» What you have to do: Give the number of lines in these entries that contain the string "union", with no further comment.

» Material for the task:
(* Let $G$ be a finite, simple, connected graph of order $n$ which contains a cycle. If $\beta(G)=n-g(G)+2$, then $G$ has no cut vertex (i.e., $G$ is $2$-connected).
   Context: For vertices $x,y$ of a connected graph $G$, $d(x,y)$ denotes the length of a shortest $x$–$y$ path. A set $W\subseteq V(G)$ is a resolving set for $G$ if for every two distinct vertices $u,v\in V(G)$ there exists $w\in W$ with $d(u,w)\neq d(v,w)$. The metric dimension $\beta(G)$ is the minimum cardinality of a resolving set. The girth $g(G)$ is the length of a shortest cycle of $G$. A vertex $v$ is a cut vertex if $G\setminus\{v\}$ has at least two connected components. *)

theory Defs
  imports Main
begin

definition simple_graph :: "'a set \<Rightarrow> ('a \<Rightarrow> 'a \<Rightarrow> bool) \<Rightarrow> bool" where
  "simple_graph V E \<longleftrightarrow> finite V \<and> (\<forall>x y. E x y \<longrightarrow> x \<in> V \<and> y \<in> V)
     \<and> (\<forall>x y. E x y \<longrightarrow> E y x) \<and> (\<forall>x. \<not> E x x)"

definition walk_in :: "'a set \<Rightarrow> ('a \<Rightarrow> 'a \<Rightarrow> bool) \<Rightarrow> 'a list \<Rightarrow> bool" where
  "walk_in S E xs \<longleftrightarrow> xs \<noteq> [] \<and> set xs \<subseteq> S
     \<and> (\<forall>i. Suc i < length xs \<longrightarrow> E (xs ! i) (xs ! Suc i))"

definition reachable_in :: "'a set \<Rightarrow> ('a \<Rightarrow> 'a \<Rightarrow> bool) \<Rightarrow> 'a \<Rightarrow> 'a \<Rightarrow> bool" where
  "reachable_in S E x y \<longleftrightarrow> (\<exists>xs. walk_in S E xs \<and> hd xs = x \<and> last xs = y)"

definition connected_graph :: "'a set \<Rightarrow> ('a \<Rightarrow> 'a \<Rightarrow> bool) \<Rightarrow> bool" where
  "connected_graph V E \<longleftrightarrow> V \<noteq> {} \<and> (\<forall>x\<in>V. \<forall>y\<in>V. reachable_in V E x y)"

definition gdist :: "'a set \<Rightarrow> ('a \<Rightarrow> 'a \<Rightarrow> bool) \<Rightarrow> 'a \<Rightarrow> 'a \<Rightarrow> nat" where
  "gdist V E x y = (LEAST n. \<exists>xs. walk_in V E xs \<and> hd xs = x \<and> last xs = y \<and> length xs = Suc n)"

definition resolving_set :: "'a set \<Rightarrow> ('a \<Rightarrow> 'a \<Rightarrow> bool) \<Rightarrow> 'a set \<Rightarrow> bool" where
  "resolving_set V E W \<longleftrightarrow> W \<subseteq> V \<and>
     (\<forall>u\<in>V. \<forall>v\<in>V. u \<noteq> v \<longrightarrow> (\<exists>w\<in>W. gdist V E u w \<noteq> gdist V E v w))"

definition metric_dim :: "'a set \<Rightarrow> ('a \<Rightarrow> 'a \<Rightarrow> bool) \<Rightarrow> nat" where
  "metric_dim V E = (LEAST k. \<exists>W. resolving_set V E W \<and> card W = k)"

definition is_cycle :: "'a set \<Rightarrow> ('a \<Rightarrow> 'a \<Rightarrow> bool) \<Rightarrow> 'a list \<Rightarrow> bool" where
  "is_cycle V E cs \<longleftrightarrow> 3 \<le> length cs \<and> distinct cs \<and> set cs \<subseteq> V
     \<and> (\<forall>i < length cs. E (cs ! i) (cs ! ((i + 1) mod length cs)))"

definition girth :: "'a set \<Rightarrow> ('a \<Rightarrow> 'a \<Rightarrow> bool) \<Rightarrow> nat" where
  "girth V E = (LEAST k. \<exists>cs. is_cycle V E cs \<and> length cs = k)"

definition cut_vertex :: "'a set \<Rightarrow> ('a \<Rightarrow> 'a \<Rightarrow> bool) \<Rightarrow> 'a \<Rightarrow> bool" where
  "cut_vertex V E v \<longleftrightarrow> v \<in> V \<and>
     (\<exists>x\<in>V - {v}. \<exists>y\<in>V - {v}. \<not> reachable_in (V - {v}) E x y)"

end

theory Submission
  imports Defs
begin

text \<open>
  Let \<open>C\<close> be a shortest cycle, of length \<open>g\<close>, and \<open>c\<^sub>0, c\<^sub>1\<close> two consecutive vertices
  of it. Distances in \<open>G\<close> between vertices of \<open>C\<close> equal their distances along \<open>C\<close>:
  a shorter path would, together with an arc of \<open>C\<close>, close a cycle shorter than \<open>g\<close>.
  Hence two vertices of \<open>C\<close> are distinguished by \<open>c\<^sub>0\<close> or \<open>c\<^sub>1\<close>.

  Now let \<open>v\<close> be a cut vertex and \<open>u\<close> a vertex in a component of \<open>G - v\<close> that contains no
  vertex of \<open>C - v\<close>, so that \<open>d(u, c) = d(u, v) + d(v, c)\<close> for all \<open>c \<in> C\<close>. If \<open>v\<close> lies
  on \<open>C\<close>, say \<open>v = c\<^sub>0\<close>, then \<open>u\<close> measures distances from \<open>c\<^sub>0\<close> along \<open>C\<close>, so
  \<open>{c\<^sub>1} \<union> (V - C)\<close> is resolving. If \<open>v\<close> is off \<open>C\<close>, then \<open>u\<close> sees \<open>v\<close> strictly closer
  than every vertex of \<open>C\<close>, so \<open>{c\<^sub>0, c\<^sub>1} \<union> (V - C - {v})\<close> is resolving. Either way
  \<open>\<beta>(G) \<le> n - g + 1\<close>.
\<close>

section \<open>Distance along a cycle\<close>

definition cycle_dist :: "nat \<Rightarrow> nat \<Rightarrow> nat \<Rightarrow> nat" where
  "cycle_dist g a b = min (if a \<le> b then b - a else a - b) (g - (if a \<le> b then b - a else a - b))"

lemma cycle_dist_commute: "cycle_dist g a b = cycle_dist g b a"
  unfolding cycle_dist_def by auto

lemma min_compl_triangle:
  fixes g :: nat
  assumes "x \<le> y + z" "y \<le> x + z" "z \<le> x + y" "x + y + z < 2 * g" "x < g" "y < g" "z < g"
  shows "min x (g - x) \<le> min y (g - y) + min z (g - z)"
  using assms
  by (cases "x \<le> g - x"; cases "y \<le> g - y"; cases "z \<le> g - z";
      simp only: min_def if_True if_False; linarith)

lemma cycle_dist_triangle:
  assumes "a < g" "b < g" "m < g"
  shows "cycle_dist g a b \<le> cycle_dist g a m + cycle_dist g m b"
proof -
  define x where "x = (if a \<le> b then b - a else a - b)"
  define y where "y = (if a \<le> m then m - a else a - m)"
  define z where "z = (if m \<le> b then b - m else m - b)"
  have "x \<le> y + z \<and> y \<le> x + z \<and> z \<le> x + y \<and> x + y + z < 2 * g \<and> x < g \<and> y < g \<and> z < g"
    unfolding x_def y_def z_def using assms
    by (cases "a \<le> b"; cases "a \<le> m"; cases "m \<le> b"; simp only: if_True if_False; linarith)
  then show ?thesis
    unfolding cycle_dist_def x_def[symmetric] y_def[symmetric] z_def[symmetric]
    using min_compl_triangle by blast
qed

lemma cycle_dist_eq_imp_eq:
  assumes "3 \<le> g" "i < g" "j < g"
    and "cycle_dist g 0 i = cycle_dist g 0 j" "cycle_dist g 1 i = cycle_dist g 1 j"
  shows "i = j"
proof (rule ccontr)
  assume "i \<noteq> j"
  have "min i (g - i) = min j (g - j)" using assms(4) by (simp add: cycle_dist_def)
  with \<open>i \<noteq> j\<close> have sum: "i + j = g"
    using assms(2,3) by (cases "i \<le> g - i"; cases "j \<le> g - j"; simp only: min_def if_True if_False; linarith)
  then have "i \<noteq> 0" "j \<noteq> 0" using assms by auto
  then have "min (i - 1) (g - (i - 1)) = min (j - 1) (g - (j - 1))"
    using assms(5) by (simp add: cycle_dist_def)
  moreover have "g - (i - 1) = j + 1" "g - (j - 1) = i + 1" using sum \<open>i \<noteq> 0\<close> \<open>j \<noteq> 0\<close> by auto
  ultimately have "min (i - 1) (j + 1) = min (j - 1) (i + 1)" by simp
  then show False using \<open>i \<noteq> j\<close> \<open>i \<noteq> 0\<close> \<open>j \<noteq> 0\<close>
    by (cases "i - 1 \<le> j + 1"; cases "j - 1 \<le> i + 1"; simp only: min_def if_True if_False; linarith)
qed

section \<open>Walks and cycles\<close>

lemma walk_in_singleton [simp]: "walk_in S E [x] \<longleftrightarrow> x \<in> S"
  by (simp add: walk_in_def)

lemma walk_in_Cons_Cons:
  "walk_in S E (x # y # xs) \<longleftrightarrow> x \<in> S \<and> E x y \<and> walk_in S E (y # xs)"
  unfolding walk_in_def by (auto simp: nth_Cons split: nat.splits)

lemma walk_in_append:
  assumes "walk_in S E xs" "walk_in S E ys" "E (last xs) (hd ys)"
  shows "walk_in S E (xs @ ys)"
  using assms
proof (induction xs rule: induct_list012)
  case (2 x)
  then obtain y ys' where "ys = y # ys'" by (auto simp: walk_in_def neq_Nil_conv)
  with 2 show ?case by (simp add: walk_in_Cons_Cons)
next
  case (3 x y xs)
  then show ?case by (simp add: walk_in_Cons_Cons)
qed (simp add: walk_in_def)

lemma walk_in_take: "walk_in S E xs \<Longrightarrow> 0 < n \<Longrightarrow> walk_in S E (take n xs)"
  unfolding walk_in_def by (auto dest: in_set_takeD)

lemma walk_in_drop: "walk_in S E xs \<Longrightarrow> n < length xs \<Longrightarrow> walk_in S E (drop n xs)"
  unfolding walk_in_def by (auto dest: in_set_dropD)

lemma walk_in_restrict: "walk_in T E xs \<Longrightarrow> set xs \<subseteq> S \<Longrightarrow> walk_in S E xs"
  unfolding walk_in_def by auto

lemma walk_in_rev:
  assumes "symp E" "walk_in S E xs"
  shows "walk_in S E (rev xs)"
  unfolding walk_in_def
proof (intro conjI allI impI)
  fix i assume i: "Suc i < length (rev xs)"
  define k where "k = length xs - Suc (Suc i)"
  have "Suc k < length xs" using i by (simp add: k_def)
  then have "E (xs ! k) (xs ! Suc k)" using assms(2) by (simp add: walk_in_def)
  moreover have "rev xs ! i = xs ! Suc k" "rev xs ! Suc i = xs ! k"
    using i by (simp_all add: rev_nth k_def Suc_diff_Suc)
  ultimately show "E (rev xs ! i) (rev xs ! Suc i)"
    using assms(1) by (metis sympD)
qed (use assms(2) in \<open>simp_all add: walk_in_def\<close>)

» Written solution: 2